(* Consider the weighted-median opinion dynamics on a row-stochastic influence matrix $W$ with node set $V=\{1,\dots,n\}$. Suppose the decisive graph $G_{\mathrm{decisive}}(W)$ has no globally reachable node. Then for every initial condition $x(0)\in\mathbb R^n$ whose entries are pairwise distinct, the solution $x(t)$ almost surely reaches a disagreement equilibrium in finite time.
   Context: A matrix $W=(w_{ij})_{n\times n}$ is row-stochastic if $w_{ij}\ge 0$ for all $i,j$ and $\sum_{j=1}^n w_{ij}=1$ for every $i$. Out-neighbour set: $N_i=\{j\in V: w_{ij}\ne 0\}$. A link $(i,j)$ with $j\in N_i$ is decisive if there exists $\theta\subseteq N_i$ with $j\in\theta$, $\sum_{k\in\theta}w_{ik}\ge 1/2$, and $\sum_{k\in\theta\setminus\{j\}}w_{ik}<1/2$. Otherwise the link is indecisive. $G_{\mathrm{decisive}}(W)$ is the directed graph on $V$ whose edges are exactly the decisive links $(i,j)$, directed from $i$ to $j$. A node $v$ is globally reachable if every other node has a directed path to $v$. A weighted median of $x\in\mathbb R^n$ with respect to row $i$ of $W$ is any $y\in\{x_1,\dots,x_n\}$ satisfying $\sum_{j:\,x_j<y}w_{ij}\le 1/2$ and $\sum_{j:\,x_j>y}w_{ij}\le 1/2$. $\mathrm{Med}_i(x;W)$ denotes this weighted median when it is unique. When it is not unique, $\mathrm{Med}_i(x;W)$ denotes the weighted median closest to $x_i$, which is then uniquely determined. Weighted-median opinion dynamics: given $x(0)\in\mathbb R^n$, at each time step $t+1$ ($t=0,1,2,\dots$) an index $i$ is drawn uniformly at random from $\{1,\dots,n\}$, independently of the past. Then $x_i(t+1)=\mathrm{Med}_i(x(t);W)$ and $x_j(t+1)=x_j(t)$ for $j\ne i$. An equilibrium is a vector $x^*$ with $x^*_i=\mathrm{Med}_i(x^*;W)$ for all $i$. A disagreement equilibrium is an equilibrium whose entries are not all equal. *)

theory Defs
  imports "HOL-Probability.Probability"
begin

--------------------------------

**Required action:** Set down exactly the lines from the one that contains "theory Defs" to the final line above, both included, and nothing more.

**Worked solution:**
theory Defs
  imports "HOL-Probability.Probability"
begin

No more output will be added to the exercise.